We engineer disease models to mimic aspects of retinal pathologies. With these models, we can better understand the role of RPE cells in diseases based on their response to physical changes, like when strain occurs on the monolayer or BREX membrane thickens with age. One of the biggest challenges is having a representative cell type.
Compared to the commonly used immortalized cell line, the primary cells isolated with this technique make our disease models more realistic to what happens in our eyes. This technique provides us with a method of obtaining high-quality cells without requiring extensive differentiation times. Furthermore, we use resources that are commonly available to research labs, which makes it more cost effective.
Moving forward, we want to look at how natural changes that happen in your eyes during aging may lead to the early stages of AMD. We want to better understand those changes so we can identify specific treatment targets. Once the enucleated porcine eyes from a USDA-inspected butcher shop arrive at the laboratory, proceed with exterior tissue removal.
Hold the muscle attached to the eye with one hand. Using a scalpel, gently cut away the tissue surrounding the sclera with the other hand. Use curved iris scissors to trim the optic nerve, then place the eye onto the ice with the cornea facing downwards.
For dissection, using tweezers, transfer the eye into the well containing 10%povidone-iodine solution and rotate it to ensure that it is fully coated. Place a sterile gauze onto the shallow inverted lid of the Petri dish. Place a cell strainer in a separate Petri dish.
Transfer the eye from the povidone-iodine solution into the well containing DPBS and wash it for roughly five seconds, then move it to the next DPBS-containing wells progressively to dilute the iodine solution. Afterwards, place the eye onto the sterile gauze. Using a scalpel, make a small incision below the ora serrata or roughly 1/3 down the globe from the iris edge.
Use iris scissors to cut evenly along the circumference of the globe parallel to the cornea. Use the tweezers to grab the optic nerve and gently lift the globe away from the gauze. Place the eye cup into the prepared cell strainer with the interior of the eye cup facing up.
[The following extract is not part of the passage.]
(* Let $\mathcal S=\{(\alpha_1,\dots,\alpha_6)\in\Sigma:\ \alpha_6=0\}$, regarded as a $5$-dimensional submanifold with coordinates $(\alpha_1,\dots,\alpha_5)$; it is invariant under the action of $I(\mathbb{R}^2_1)$. Provided $I(\mathbb{R}^2_1)$ acts on $\mathcal S$ with three-dimensional orbits, any algebraic $I(\mathbb{R}^2_1)$-invariant $I$ of $\mathcal S$ can be (locally) uniquely expressed as an analytic function $I=F(\mathcal I'_1,\mathcal I'_2)$, where $$\mathcal I'_1=\alpha_4^2-\alpha_5^2,\qquad \mathcal I'_2=2\alpha_3\alpha_4\alpha_5-\alpha_2\alpha_4^2-\alpha_1\alpha_5^2 .$$
   Context: The Minkowski plane $\mathbb{R}^2_1$ has pseudo-Cartesian coordinates $(t,x)$ and metric $dt^2-dx^2$. Every Killing $2$-tensor (symmetric contravariant $2$-tensor $\mathbf K$ with vanishing Schouten bracket $[\mathbf K,\mathbf g]=0$) of $\mathbb{R}^2_1$ has components $K^{tt}=\alpha_1+2\alpha_4x+\alpha_6x^2$, $K^{tx}=K^{xt}=\alpha_3+\alpha_4t+\alpha_5x+\alpha_6tx$, $K^{xx}=\alpha_2+2\alpha_5t+\alpha_6t^2$ for unique constants, identifying the space of such tensors with the parameter space $\Sigma\cong\mathbb{R}^6$. The isometry group $I(\mathbb{R}^2_1)$ (parametrized by $(\phi,a,b)$) acts on $\mathbb{R}^2_1$ by $\tilde t=t\cosh\phi+x\sinh\phi+a$, $\tilde x=t\sinh\phi+x\cosh\phi+b$, and on $\Sigma$ by $\tilde\alpha_1=\alpha_1\cosh^2\phi+2\alpha_3\cosh\phi\sinh\phi+\alpha_2\sinh^2\phi+\alpha_6b^2-2(\alpha_4\cosh\phi+\alpha_5\sinh\phi)b$, $\tilde\alpha_2=\alpha_1\sinh^2\phi+2\alpha_3\cosh\phi\sinh\phi+\alpha_2\cosh^2\phi+\alpha_6a^2-2(\alpha_5\cosh\phi+\alpha_4\sinh\phi)a$, $\tilde\alpha_3=\alpha_3(\cosh^2\phi+\sinh^2\phi)+(\alpha_1+\alpha_2)\cosh\phi\sinh\phi-(a\alpha_4+b\alpha_5)\cosh\phi-(a\alpha_5+b\alpha_4)\sinh\phi+\alpha_6ab$, $\tilde\alpha_4=\alpha_4\cosh\phi+\alpha_5\sinh\phi-\alpha_6b$, $\tilde\alpha_5=\alpha_4\sinh\phi+\alpha_5\cosh\phi-\alpha_6a$, $\tilde\alpha_6=\alpha_6$. An $I(\mathbb{R}^2_1)$-invariant of $\mathcal S$ is a smooth function $F$ on (a subset of) $\mathcal S$ with $F(\alpha)=F(\tilde\alpha)$ for all group elements. *)

theory Defs
  imports "HOL-Analysis.Analysis"
begin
Gently add cooled DPBS to the eye cup, ensuring the fluid level is just below the lowest point of the incision. To begin, sterilize and dissect the enucleated eyes obtained from a USDA-inspected butcher shop to prepare the eye cu. Gently place the eye cup with the interior facing up into the Petri dish containing the cell strainer.
Add cooled DPBS to the eye cup, ensuring the fluid level is just below the lowest point of the incision. Under a flashlight, find any areas where the neural retina is starting to detach from the retinal pigment epithelium. Then use blunt tweezers to gently grab the lifted neural retina and peel it away.
Gently collect the neural retina near the optic disc. Using a Pasteur pipette attached to a vacuum aspiration system, aspirate out the neural retina. Carefully add additional cooled DPBS to replace the aspirated volume.
Now, aspirate this added DPBS to remove any remaining neural retina. After removing the neural retina from all eye cups, gently add trypsin to each eye cup and replace the Petri dish lid. Incubate the eyes with trypsin at 37 degrees Celsius with 5%carbon dioxide for 30 minutes.
Under a flashlight, use 1, 000 microliter pipette to gently dislodge the retinal pigment epithelium cells from each eye cup. Transfer the dislodged cells to a 15 milliliter centrifuge tube. Wash the eye cup with cell culture media to collect any remaining cells as well as to neutralize the trypsin.
Mix these media containing cells with previously collected cells. Centrifuge the cell suspension at 250 G for five minutes at room temperature. Then remove the supernatant without disrupting the cell pellet.
Resuspend each cell pellet in three milliliters of DNase working solution. Incubate the cell suspension at 37 degrees Celsius with 5%carbon dioxide for 15 minutes, then centrifuge it at 150 G for five minutes at room temperature. Remove the supernatant and resuspend the cell pellet in three milliliters of fresh cell culture media.
Transfer cells obtained from two to three eyes in one well of a six-well plate and consider this as passage zero. Then carefully transfer the seeded six-well plate into a humidified incubator at 37 degrees Celsius and 5%carbon dioxide. Primary retinal pigment epithelium cells were isolated from porcine eyes with characteristic pigmentation evident three days post isolation.
The cells achieved full confluence after one week, indicative of a healthy monolayer. Cultures exhibiting abnormal morphology and excessive pigmentation were recognized as contaminated and not used in the experiments.